The scope of the claims

 [1] A method for purifying chitin, comprising treating an organic substance containing chitin in an acidic aqueous solution in a subcritical state or a supercritical state.

 [2] The purification method according to [1], wherein the organic substance containing chitin is treated in an acidic aqueous solution in a subcritical state.
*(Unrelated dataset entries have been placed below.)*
lemma low_weight_qcode_word_in_qdual:
  assumes n: "0 < n"
    and PQ: "(P, Q) = (tor_CX n, tor_CZ n) \<or> (P, Q) = (tor_CZ n, tor_CX n)"
    and HP: "labeling n P HP" and HQ: "labeling n Q HQ"
    and orth: "\<forall>p\<in>P. \<forall>q\<in>Q. (\<Sum>v\<in>tor_V n. HP p v * HQ q v) = 0"
    and Y: "Y \<in> qcode n P HP" and small: "card {v \<in> tor_V n. Y v \<noteq> 0} < n"
  shows "Y \<in> qdual n (qcode n Q HQ)"
proof -
  have "finite {v \<in> tor_V n. Y v \<noteq> 0}" using finite_tor_V by simp
  then obtain i j where ij: "i < 2 * n" "j < 2 * n" "odd (i + j)"
    and cut: "i \<notin> fst ` {v \<in> tor_V n. Y v \<noteq> 0}" "j \<notin> snd ` {v \<in> tor_V n. Y v \<noteq> 0}"
    and vertex_in_P: "\<And>r s. grid_pt n (i + 1) (j + 1) r s \<in> P"
    and face_in_Q: "\<And>r s. grid_pt n (i + 2) (j + 2) r s \<in> Q"
    using exists_cut_avoiding[OF n PQ _ small] by blast
  have "\<forall>v\<in>tor_V n. Y v \<noteq> 0 \<longrightarrow> fst v \<noteq> i \<and> snd v \<noteq> j"
    using cut by force
  then obtain a where "\<forall>v\<in>tor_V n. Y v = (\<Sum>r<n-1. \<Sum>s<n-1. a r s * HQ (grid_pt n (i + 2) (j + 2) r s) v)"
    using torus_flow_in_face_span[OF n ij vertex_in_P face_in_Q HP HQ orth Y] by blast
  moreover have "\<forall>v. v \<notin> tor_V n \<longrightarrow> Y v = 0" using Y unfolding qcode_def by blast
  ultimately show ?thesis using face_in_Q by (intro row_combination_in_qdual)
qed

lemma card_support_le_hweight:
  assumes "\<And>v. v \<in> tor_V n \<Longrightarrow> f v \<noteq> 0 \<Longrightarrow> \<exists>l<m. y (v, l) \<noteq> 0"
  shows "card {v \<in> tor_V n. f v \<noteq> 0} \<le> hweight n m y"
proof -
  let ?T = "{p \<in> bsupp n m. y p \<noteq> 0}"
  have "finite ?T" unfolding bsupp_def using finite_tor_V by simp
  have "{v \<in> tor_V n. f v \<noteq> 0} \<subseteq> fst ` ?T"
    using assms unfolding bsupp_def by force
  then have "card {v \<in> tor_V n. f v \<noteq> 0} \<le> card (fst ` ?T)"
    using \<open>finite ?T\<close> by (simp add: card_mono)
  also have "\<dots> \<le> card ?T" using \<open>finite ?T\<close> by (rule card_image_le)
  finally show ?thesis unfolding hweight_def .
qed

lemma rows_orthogonal_if_qdual_subset:
  assumes "qdual n (qcode n Q HQ) \<subseteq> qcode n P HP"
  shows "\<forall>p\<in>P. \<forall>q\<in>Q. (\<Sum>v\<in>tor_V n. HP p v * HQ q v) = 0"
proof (intro ballI)
  fix p q assume p: "p \<in> P" and q: "q \<in> Q"
  define row where "row v = (if v \<in> tor_V n then HQ q v else 0)" for v
  have "row \<in> qdual n (qcode n Q HQ)"
    using q unfolding qdual_def qcode_def row_def by (simp add: mult.commute)
  then have "row \<in> qcode n P HP" using assms by blast
  then show "(\<Sum>v\<in>tor_V n. HP p v * HQ q v) = 0"
    using p unfolding qcode_def row_def by simp
qed

lemma sum_bsupp: "(\<Sum>p\<in>bsupp n m. f p) = (\<Sum>v\<in>tor_V n. \<Sum>l<m. f (v, l))"
  unfolding bsupp_def by (simp add: sum.cartesian_product)

lemma of_nat_CARD_eq_0: "of_nat (card (UNIV :: 'a set)) = (0::'a::{comm_ring_1,finite})"
proof -
  have "bij (\<lambda>x::'a. x + 1)"
    by (rule bij_betw_byWitness[where f' = "\<lambda>x. x - 1"]) auto
  then have "(\<Sum>x\<in>UNIV. x + 1) = (\<Sum>x\<in>UNIV. x :: 'a)"
    by (rule sum.reindex_bij_betw[of _ UNIV UNIV "\<lambda>x. x"])
  then show ?thesis by (simp add: sum.distrib)
qed

lemma one_plus_one_eq_0_if_card_eq_power_of_two:
  assumes "card (UNIV :: 'a set) = 2 ^ m"
  shows "1 + 1 = (0::'a::{field,finite})"
proof -
  have "of_nat (2 ^ m) = (0::'a)" using of_nat_CARD_eq_0[where 'a = 'a] assms by simp
  then have "(2::'a) = 0" by simp
  then show ?thesis by simp
qed

locale F2_expansion =
  fixes m :: nat and b :: "nat \<Rightarrow> 'a::{field,finite}"
  assumes basis: "F2_basis m b" and char_two: "(1::'a) + 1 = 0"
begin

lemma emb_add: "(emb (c + d) :: 'a) = emb c + emb d"
  using char_two by (cases c; cases d) (simp_all add: emb_def)

lemma emb_simps [simp]: "(emb 0 :: 'a) = 0" "(emb 1 :: 'a) = 1"
  by (simp_all add: emb_def)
 [3] The purification method according to claim 1, wherein the organic matter containing chitin is treated in an acidic aqueous solution in a subcritical state of less than 493K.

[4] The purification method according to [1], wherein the acidic aqueous solution is an organic acid aqueous solution.

[5] A method for producing chitosan, comprising treating an organic substance containing chitin in an acidic aqueous solution in a subcritical or supercritical state, and deacetylating the treated chitin.

[6] A method for producing low-molecular chitin and Z or chitin oligosaccharide, characterized by treating an organic substance containing chitin in an acidic aqueous solution in a subcritical or supercritical state.

[7] A low molecular weight chitosan and Z characterized in that an organic substance containing chitin is treated in an acidic aqueous solution in a subcritical or supercritical state, and the resulting low molecular chitin and Z or chitin oligosaccharide is deacetylated. Or the manufacturing method of chitosan oligosaccharide.

 [8] A method for producing a chitin degradation product and a Z or protein degradation product comprising treating an organic substance containing chitin in an acidic aqueous solution in a subcritical state or a supercritical state.